Stored items:
(* Let $t\geq 3$, $E_t=\{1,\ldots,t\}$, and let $A$ be a nonempty subset of $E_t$, written as a disjoint union of intervals of integers $A=[i_1,j_1]\,\dot\cup\,[i_2,j_2]\,\dot\cup\cdots\dot\cup\,[i_\varrho,j_\varrho]$ with $i_k\le j_k$ and $j_k+2\le i_{k+1}$ for $1\le k\le\varrho-1$. Let $T:={}_{-A}\mathrm{T}^{(+)}\in\{1,-1\}^t$ be the vector with $T(e)=-1$ for $e\in A$ and $T(e)=1$ otherwise. Then: (i) If $\{1,t\}\cap A=\{1\}$ (so $i_1=1$), then $\mathfrak{q}(T)=2\varrho-1$, $\boldsymbol{x}(T)=\sum_{k=1}^{\varrho}\boldsymbol{\sigma}(j_k+1)-\sum_{\ell=2}^{\varrho}\boldsymbol{\sigma}(i_\ell)$; moreover $\mathfrak{q}(\mathrm{ro}(T))=2\varrho-1$, $\boldsymbol{x}(\mathrm{ro}(T))=\sum_{k=1}^{\varrho}\boldsymbol{\sigma}(t-j_k+1)-\sum_{\ell=2}^{\varrho}\boldsymbol{\sigma}(t-i_\ell+2)$, and $\boldsymbol{x}(\mathrm{ro}(T))=\boldsymbol{x}(T)\,\overline{\mathbf{U}}(t)\,\overline{\mathbf{T}}(t)$. (ii) If $\{1,t\}\cap A=\{1,t\}$ (so $i_1=1$, $j_\varrho=t$), then $\mathfrak{q}(T)=2\varrho-1$, $\boldsymbol{x}(T)=-\boldsymbol{\sigma}(1)+\sum_{k=1}^{\varrho-1}\boldsymbol{\sigma}(j_k+1)-\sum_{\ell=2}^{\varrho}\boldsymbol{\sigma}(i_\ell)$; moreover $\mathfrak{q}(\mathrm{ro}(T))=2\varrho-1$, $\boldsymbol{x}(\mathrm{ro}(T))=\boldsymbol{\sigma}(1)+\sum_{k=1}^{\varrho-1}\boldsymbol{\sigma}(t-j_k+1)-\sum_{\ell=2}^{\varrho}\boldsymbol{\sigma}(t-i_\ell+2)$, and $\boldsymbol{x}(\mathrm{ro}(T))=\boldsymbol{\sigma}(1)+\boldsymbol{x}(T)\,\overline{\mathbf{U}}(t)\,\overline{\mathbf{T}}(t)$. (iii) If $\{1,t\}\cap A=\emptyset$, then $\mathfrak{q}(T)=2\varrho+1$, $\boldsymbol{x}(T)=\boldsymbol{\sigma}(1)+\sum_{k=1}^{\varrho}\boldsymbol{\sigma}(j_k+1)-\sum_{\ell=1}^{\varrho}\boldsymbol{\sigma}(i_\ell)$; moreover $\mathfrak{q}(\mathrm{ro}(T))=2\varrho+1$, $\boldsymbol{x}(\mathrm{ro}(T))=-\boldsymbol{\sigma}(1)+\sum_{k=1}^{\varrho}\boldsymbol{\sigma}(t-j_k+1)-\sum_{\ell=1}^{\varrho}\boldsymbol{\sigma}(t-i_\ell+2)$, and $\boldsymbol{x}(\mathrm{ro}(T))=-\boldsymbol{\sigma}(1)+\boldsymbol{x}(T)\,\overline{\mathbf{U}}(t)\,\overline{\mathbf{T}}(t)$. (iv) If $\{1,t\}\cap A=\{t\}$ (so $j_\varrho=t$), then $\mathfrak{q}(T)=2\varrho-1$, $\boldsymbol{x}(T)=\sum_{k=1}^{\varrho-1}\boldsymbol{\sigma}(j_k+1)-\sum_{\ell=1}^{\varrho}\boldsymbol{\sigma}(i_\ell)$; moreover $\mathfrak{q}(\mathrm{ro}(T))=2\varrho-1$, $\boldsymbol{x}(\mathrm{ro}(T))=\sum_{k=1}^{\varrho-1}\boldsymbol{\sigma}(t-j_k+1)-\sum_{\ell=1}^{\varrho}\boldsymbol{\sigma}(t-i_\ell+2)$, and $\boldsymbol{x}(\mathrm{ro}(T))=\boldsymbol{x}(T)\,\overline{\mathbf{U}}(t)\,\overline{\mathbf{T}}(t)$.
   Context: Vectors are row vectors in $\mathbb{R}^t$; $\boldsymbol{\sigma}(e)$ is the $e$-th standard unit vector, $\mathrm{T}^{(+)}=(1,\ldots,1)$. For $S\subseteq E_t$, ${}_{-S}\mathrm{T}^{(+)}$ denotes the vector with entries $-1$ on $S$ and $1$ elsewhere. Define $R^0:=\mathrm{T}^{(+)}$ and $R^s:={}_{-[s]}\mathrm{T}^{(+)}$ for $1\le s\le t-1$, where $[s]=\{1,\ldots,s\}$ (these form the first half of a symmetric cycle $R^0,\ldots,R^{2t-1}$ in the hypercube graph on $\{1,-1\}^t$, with $R^{t+k}=-R^k$). The vectors $R^0,\ldots,R^{t-1}$ form a basis of $\mathbb{R}^t$; for $T\in\{1,-1\}^t$, $\boldsymbol{x}(T)=(x_1,\ldots,x_t)$ denotes the unique vector (it lies in $\{-1,0,1\}^t$) with $T=\sum_{i=1}^t x_iR^{i-1}$, and $\mathfrak{q}(T)$ denotes the number of nonzero entries of $\boldsymbol{x}(T)$ (equivalently the cardinality of the unique inclusion-minimal subset of $\{R^0,\ldots,R^{2t-1}\}$ summing to $T$). $\overline{\mathbf{U}}(t)$ is the $t\times t$ backward identity matrix, with $(i,j)$ entry $\delta_{i+j,t+1}$; $\overline{\mathbf{T}}(t)$ is the $t\times t$ forward shift matrix, with $(i,j)$ entry $\delta_{j-i,1}$. The relabeled opposite of $T$ is $\mathrm{ro}(T):=-T\,\overline{\mathbf{U}}(t)$, i.e. $\mathrm{ro}(T)(e)=-T(t-e+1)$. *)

theory Defs
  imports Complex_Main "HOL-Library.Function_Algebras"
begin

text \<open>Vectors in R^t are modelled as functions nat \<Rightarrow> real, indexed by
  E_t = {1..t}, with value 0 outside {1..t}.  Matrices are functions nat \<Rightarrow> nat \<Rightarrow> real.\<close>

definition vecs :: "nat \<Rightarrow> (nat \<Rightarrow> real) set" where
  "vecs t = {v. \<forall>i. i \<notin> {1..t} \<longrightarrow> v i = 0}"

definition unitv :: "nat \<Rightarrow> nat \<Rightarrow> real" where
  "unitv e = (\<lambda>i. if i = e then 1 else 0)"

definition minusT :: "nat \<Rightarrow> nat set \<Rightarrow> nat \<Rightarrow> real" where
  "minusT t S = (\<lambda>e. if e \<in> {1..t} then (if e \<in> S then -1 else 1) else 0)"

definition Rvec :: "nat \<Rightarrow> nat \<Rightarrow> nat \<Rightarrow> real" where
  "Rvec t s = minusT t {1..s}"

definition xvec :: "nat \<Rightarrow> (nat \<Rightarrow> real) \<Rightarrow> nat \<Rightarrow> real" where
  "xvec t T = (THE x. x \<in> vecs t \<and> T = (\<Sum>i\<in>{1..t}. (\<lambda>e. x i * Rvec t (i - 1) e)))"

definition qnum :: "nat \<Rightarrow> (nat \<Rightarrow> real) \<Rightarrow> nat" where
  "qnum t T = card {i \<in> {1..t}. xvec t T i \<noteq> 0}"

definition vecmat :: "nat \<Rightarrow> (nat \<Rightarrow> real) \<Rightarrow> (nat \<Rightarrow> nat \<Rightarrow> real) \<Rightarrow> nat \<Rightarrow> real" where
  "vecmat t v M = (\<lambda>j. if j \<in> {1..t} then (\<Sum>i\<in>{1..t}. v i * M i j) else 0)"

definition Ubar :: "nat \<Rightarrow> nat \<Rightarrow> nat \<Rightarrow> real" where
  "Ubar t i j = (if i + j = t + 1 then 1 else 0)"

definition Tbar :: "nat \<Rightarrow> nat \<Rightarrow> nat \<Rightarrow> real" where
  "Tbar t i j = (if int j - int i = 1 then 1 else 0)"

definition ro :: "nat \<Rightarrow> (nat \<Rightarrow> real) \<Rightarrow> nat \<Rightarrow> real" where
  "ro t T = vecmat t (- T) (Ubar t)"

end

theory Submission
  imports Defs
begin

text \<open>For n >= 2 the basis vector R^(n-1) has a single jump, from -1 to 1 between the positions
  n - 1 and n, and its first and last entries cancel, while R^0 is constant.  Hence the coordinates
  of any T are read off from its jumps: x_1 = (T(1) + T(t))/2 and x_n = (T(n) - T(n-1))/2.  For
  T = -A T(+) the jumps are -1 at the left ends i_l > 1 and +1 at the points j_k + 1 <= t, and the
  gaps of length at least one keep all these points distinct.  The relabeled opposite reverses and
  negates T, which negates x_1 and moves the jump at n to t + 2 - n with the same sign; on the
  coordinates 2..t this is the permutation x |-> x Ubar(t) Tbar(t).\<close>

lemma sum_fun_apply: "(\<Sum>k\<in>K. f k) x = (\<Sum>k\<in>K. f k x)"
  for f :: "'a \<Rightarrow> 'b \<Rightarrow> 'c::comm_monoid_add"
  by (induction K rule: infinite_finite_induct) auto

definition R_combination :: "nat \<Rightarrow> (nat \<Rightarrow> real) \<Rightarrow> nat \<Rightarrow> real" where
  "R_combination t x = (\<Sum>i\<in>{1..t}. (\<lambda>e. x i * Rvec t (i - 1) e))"

definition R_coords :: "nat \<Rightarrow> (nat \<Rightarrow> real) \<Rightarrow> nat \<Rightarrow> real" where
  "R_coords t T n =
     (if n = 1 then (T 1 + T t) / 2 else if n \<in> {2..t} then (T n - T (n - 1)) / 2 else 0)"

lemma Rvec_apply: "Rvec t s e = (if e \<in> {1..t} then if e \<le> s then -1 else 1 else 0)"
  by (auto simp: Rvec_def minusT_def)

lemma R_combination_apply: "R_combination t x e = (\<Sum>i\<in>{1..t}. x i * Rvec t (i - 1) e)"
  by (simp add: R_combination_def sum_fun_apply)

lemma R_combination_in_vecs: "R_combination t x \<in> vecs t"
  by (auto simp: vecs_def R_combination_apply Rvec_apply)

lemma R_coords_in_vecs: "1 \<le> t \<Longrightarrow> R_coords t T \<in> vecs t"
  by (simp add: vecs_def R_coords_def)

lemma R_combination_step:
  assumes "1 \<le> e" "e < t"
  shows "R_combination t x (e + 1) - R_combination t x e = 2 * x (e + 1)"
proof -
  have "R_combination t x (e + 1) - R_combination t x e
      = (\<Sum>i\<in>{1..t}. x i * (Rvec t (i - 1) (e + 1) - Rvec t (i - 1) e))"
    by (simp add: R_combination_apply sum_subtractf[symmetric] algebra_simps)
  also have "\<dots> = (\<Sum>i\<in>{1..t}. if i = e + 1 then 2 * x i else 0)"
    using assms by (intro sum.cong) (auto simp: Rvec_apply)
  finally show ?thesis
    using assms by simp
qed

# How to complete this task
What lines above contain the word "Ubar"? Return each such line.

# Result below
definition Ubar :: "nat \<Rightarrow> nat \<Rightarrow> nat \<Rightarrow> real" where
  "Ubar t i j = (if i + j = t + 1 then 1 else 0)"
  "ro t T = vecmat t (- T) (Ubar t)"
  coordinates 2..t this is the permutation x |-> x Ubar(t) Tbar(t).\<close>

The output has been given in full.